Natürlich gibt’s da welche, die dagegen sind. Das sind die Profiteure des Systems, die man in diesem Fall sehr leicht identifizieren kann, die Kunststoffindustrie. Und bei der grünen Lüge sind es, ganz klar, die, die aus diesem System am meisten herausnehmen. Aber durch eine breite Aufmerksamkeit und Diskussion können viele Dinge in eine richtige Richtung gelenkt werden. Man muss auch erkennen, wie viele um uns herum bereits bemerken, dass das so nicht mehr weitergehen kann, dass man der Macht der Konzerne ein Ende setzen muss.
Von staatlicher als auch von Unternehmerseite kommt immer wieder das Argument, zu viel Umweltschutz gefährde Arbeitsplätze. Kann man das einfach so gegeneinander abwägen?

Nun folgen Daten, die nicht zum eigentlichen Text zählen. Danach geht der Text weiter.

lemma maximal_finite_intersection_property_imp_ultrafilter:
  assumes fip: "finite_intersection_property M"
    and max: "\<And>X. finite_intersection_property (insert X M) \<Longrightarrow> X \<in> M"
  shows "ultrafilter M"
proof -
  have Inter_M: "\<Inter>\<F> \<noteq> {}" if "finite \<F>" "\<F> \<subseteq> M" for \<F>
    using fip that unfolding finite_intersection_property_def by blast
  have "{} \<notin> M" using Inter_M[of "{{}}"] by auto
  moreover have "X \<inter> Y \<in> M" if "X \<in> M" "Y \<in> M" for X Y
  proof (rule max, unfold finite_intersection_property_def, intro allI impI)
    fix \<F> assume "finite \<F>" "\<F> \<subseteq> insert (X \<inter> Y) M"
    then have "\<Inter>(\<F> - {X \<inter> Y} \<union> {X, Y}) \<noteq> {}" using that by (intro Inter_M) auto
    then show "\<Inter>\<F> \<noteq> {}" by auto
  qed
  moreover have "X \<in> M \<or> - X \<in> M" for X
  proof (rule ccontr)
    assume "\<not> (X \<in> M \<or> - X \<in> M)"
    then obtain \<F>\<^sub>1 \<F>\<^sub>2 where F1: "finite \<F>\<^sub>1" "\<F>\<^sub>1 \<subseteq> insert X M" "\<Inter>\<F>\<^sub>1 = {}"
      and F2: "finite \<F>\<^sub>2" "\<F>\<^sub>2 \<subseteq> insert (- X) M" "\<Inter>\<F>\<^sub>2 = {}"
      using max unfolding finite_intersection_property_def by meson
    have "\<Inter>((\<F>\<^sub>1 - {X}) \<union> (\<F>\<^sub>2 - {- X})) \<noteq> {}"
      using F1 F2 by (intro Inter_M) auto
    then obtain x where "\<forall>Y\<in>\<F>\<^sub>1 - {X}. x \<in> Y" "\<forall>Y\<in>\<F>\<^sub>2 - {- X}. x \<in> Y" by blast
    then show False using F1(3) F2(3) by (cases "x \<in> X") auto
  qed
  ultimately show ?thesis unfolding ultrafilter_def by blast
qed

theorem ultrafilter_extending_finite_intersection_property:
  assumes "finite_intersection_property \<D>"
  shows "\<exists>U. ultrafilter U \<and> \<D> \<subseteq> U"
proof -
  define \<A> where "\<A> = {M. \<D> \<subseteq> M \<and> finite_intersection_property M}"
  have "\<Union>\<C> \<in> \<A>" if "\<C> \<noteq> {}" "subset.chain \<A> \<C>" for \<C>
  proof -
    have "\<Inter>\<F> \<noteq> {}" if \<F>: "finite \<F>" "\<F> \<subseteq> \<Union>\<C>" for \<F>
    proof -
      obtain M where "M \<in> \<C>" "\<F> \<subseteq> M"
        using finite_subset_Union_chain[OF \<F> \<open>\<C> \<noteq> {}\<close> \<open>subset.chain \<A> \<C>\<close>] .
      then show ?thesis using \<F>(1) \<open>subset.chain \<A> \<C>\<close>
        unfolding subset.chain_def \<A>_def finite_intersection_property_def by blast
    qed
    then show ?thesis using that unfolding subset.chain_def \<A>_def finite_intersection_property_def
      by blast
  qed
  then obtain M where "M \<in> \<A>" and max: "\<forall>X\<in>\<A>. M \<subseteq> X \<longrightarrow> X = M"
    using subset_Zorn_nonempty[of \<A>] assms unfolding \<A>_def by blast
  have "ultrafilter M"
  proof (rule maximal_finite_intersection_property_imp_ultrafilter)
    show "finite_intersection_property M" using \<open>M \<in> \<A>\<close> unfolding \<A>_def by blast
    fix X assume "finite_intersection_property (insert X M)"
    then have "insert X M \<in> \<A>" using \<open>M \<in> \<A>\<close> unfolding \<A>_def by blast
    then show "X \<in> M" using max by blast
  qed
  then show ?thesis using \<open>M \<in> \<A>\<close> unfolding \<A>_def by blast
qed

lemma finite_intersection_property_if_directed:
  assumes "\<D> \<noteq> {}" "{} \<notin> \<D>" and directed: "\<And>X Y. X \<in> \<D> \<Longrightarrow> Y \<in> \<D> \<Longrightarrow> \<exists>Z\<in>\<D>. Z \<subseteq> X \<inter> Y"
  shows "finite_intersection_property \<D>"
  unfolding finite_intersection_property_def
proof (intro allI impI)
  fix \<F> :: "'a set set" assume "finite \<F>" "\<F> \<subseteq> \<D>"
  then have "\<exists>Z\<in>\<D>. Z \<subseteq> \<Inter>\<F>"
  proof (induction \<F> rule: finite_induct)
    case empty
    then show ?case using \<open>\<D> \<noteq> {}\<close> by auto
  next
    case (insert X \<F>)
    then obtain Z where "Z \<in> \<D>" "Z \<subseteq> \<Inter>\<F>" by auto
    moreover obtain Z' where "Z' \<in> \<D>" "Z' \<subseteq> X \<inter> Z"
      using directed[of X Z] insert.prems \<open>Z \<in> \<D>\<close> by auto
    ultimately show ?case by auto
  qed
  then show "\<Inter>\<F> \<noteq> {}" using \<open>{} \<notin> \<D>\<close> by (metis subset_empty)
qed

lemma aboveS_antimono:
  assumes "trans r" "antisym r" "(a, b) \<in> r"
  shows "aboveS r b \<subseteq> aboveS r a"
  using assms unfolding aboveS_def trans_def antisym_def by blast

lemma aboveS_upward_closed:
  assumes "trans r" "antisym r" "x \<in> aboveS r a" "(x, y) \<in> r"
  shows "y \<in> aboveS r a"
  using assms unfolding aboveS_def trans_def antisym_def by blast

lemma strict_below_iff_aboveS: "strict_below r a b \<longleftrightarrow> b \<in> aboveS r a"
  unfolding strict_below_def aboveS_def by auto

lemma tails_finite_intersection_property:
  assumes co: "card_order (r :: 'a rel)" and inf: "infinite (UNIV :: 'a set)" and unb: "unbounded_in r I"
  shows "finite_intersection_property (range (\<lambda>g. I \<inter> aboveS r g))"
proof (rule finite_intersection_property_if_directed)
  have C: "Card_order r" and F: "Field r = UNIV" using card_order_on_Card_order[OF co] by auto
  have "well_order r" using card_order_on_well_order_on[OF co] .
  then have tr: "trans r" and an: "antisym r" and tot: "total_on UNIV r" and rf: "refl_on UNIV r"
    unfolding well_order_on_def linear_order_on_def partial_order_on_def preorder_on_def by auto
  show "{} \<notin> range (\<lambda>g. I \<inter> aboveS r g)"
  proof
    assume "{} \<in> range (\<lambda>g. I \<inter> aboveS r g)"
    then obtain g where empty: "I \<inter> aboveS r g = {}" by auto
    obtain x where x: "x \<in> aboveS r g"
      using infinite_Card_order_limit[OF C, of g] inf F unfolding aboveS_def by force
    obtain b where "b \<in> I" "(x, b) \<in> r" using unb unfolding unbounded_in_def by blast
    with aboveS_upward_closed[OF tr an x] have "b \<in> I \<inter> aboveS r g" by blast
    then show False using empty by simp
  qed
  have comparable: "(a, b) \<in> r \<or> (b, a) \<in> r" for a b
    using tot rf unfolding total_on_def refl_on_def by (cases "a = b") auto
  fix X Y assume "X \<in> range (\<lambda>g. I \<inter> aboveS r g)" "Y \<in> range (\<lambda>g. I \<inter> aboveS r g)"
  then obtain a b where X: "X = I \<inter> aboveS r a" and Y: "Y = I \<inter> aboveS r b" by blast
  show "\<exists>Z\<in>range (\<lambda>g. I \<inter> aboveS r g). Z \<subseteq> X \<inter> Y"
  proof (cases "(a, b) \<in> r")
    case True
    then show ?thesis using aboveS_antimono[OF tr an True] unfolding X Y by blast
  next
    case False
    then have "(b, a) \<in> r" using comparable by blast
    then show ?thesis using aboveS_antimono[OF tr an] unfolding X Y by blast
  qed
qed simp

lemma lambda_system_unbounded: "lambda_system r I n RR \<Longrightarrow> unbounded_in r I"
  unfolding lambda_system_def by simp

(lacht) Das ist völliger Blödsinn! Als Reaktion auf Plastic Planet bemängelte die Kunststoffindustrie, sie verliere Arbeitsplätze. Aber gleichzeitig ist ein riesiger Markt entstanden von kompostierbaren Kunststoffen bis hin zu alternativen Materialien. In diesen Bereichen wurden viele Arbeitsplätze geschaffen. Das Totschlagargument Arbeitsplätze funktioniert überhaupt nicht, es ist völlig lächerlich. Arbeitsplätze verschwinden nicht, sie werden verlagert. Viele Menschen können das vielleicht ganz gut ausblenden, wenn sie bei einem Konzern arbeiten, der Menschen betrügt und ausbeutet oder die Umwelt vernichtet. Aber für viele wäre es mit Sicherheit befriedigender und angenehmer in einer alternativen Richtung zu arbeiten.
Kapitalismus – und dann?
Ein weiteres dieser Totschlagargumente ist, dass jeder Versuch ein System zu etablieren, das ohne permanentes Wachstum funktionieren soll – also ein System jenseits des Kapitalismus – in einer Katastrophe geendet hat…
Profit an sich ist nichts Schlechtes. Aber man muss mit diesem Profit anders umgehen, indem man diesen besser verteilt. Es muss dafür gesorgt werden, dass die Belegschaft besser davon profitiert, aber auch die umliegenden Gemeinschaften, die direkt betroffen sind von dem Unternehmen. Das ist das, was ich unter einem demokratischen Wirtschaftssystem verstehe.
Es kann nicht sein, dass einer abcasht und damit davon rennt. Diese Situation sehen wir auch im Film: Momentan sind es acht Personen, die so viel besitzen wie die ärmere Hälfte der Weltbevölkerung – bald ist es vielleicht nur noch eine Person. Das kann nicht funktionieren. Da muss ein System erarbeitet werden, das das besser handhabt.
Vielen Dank, dass Sie sich Zeit genommen haben. Ihnen weiterhin alles Gute.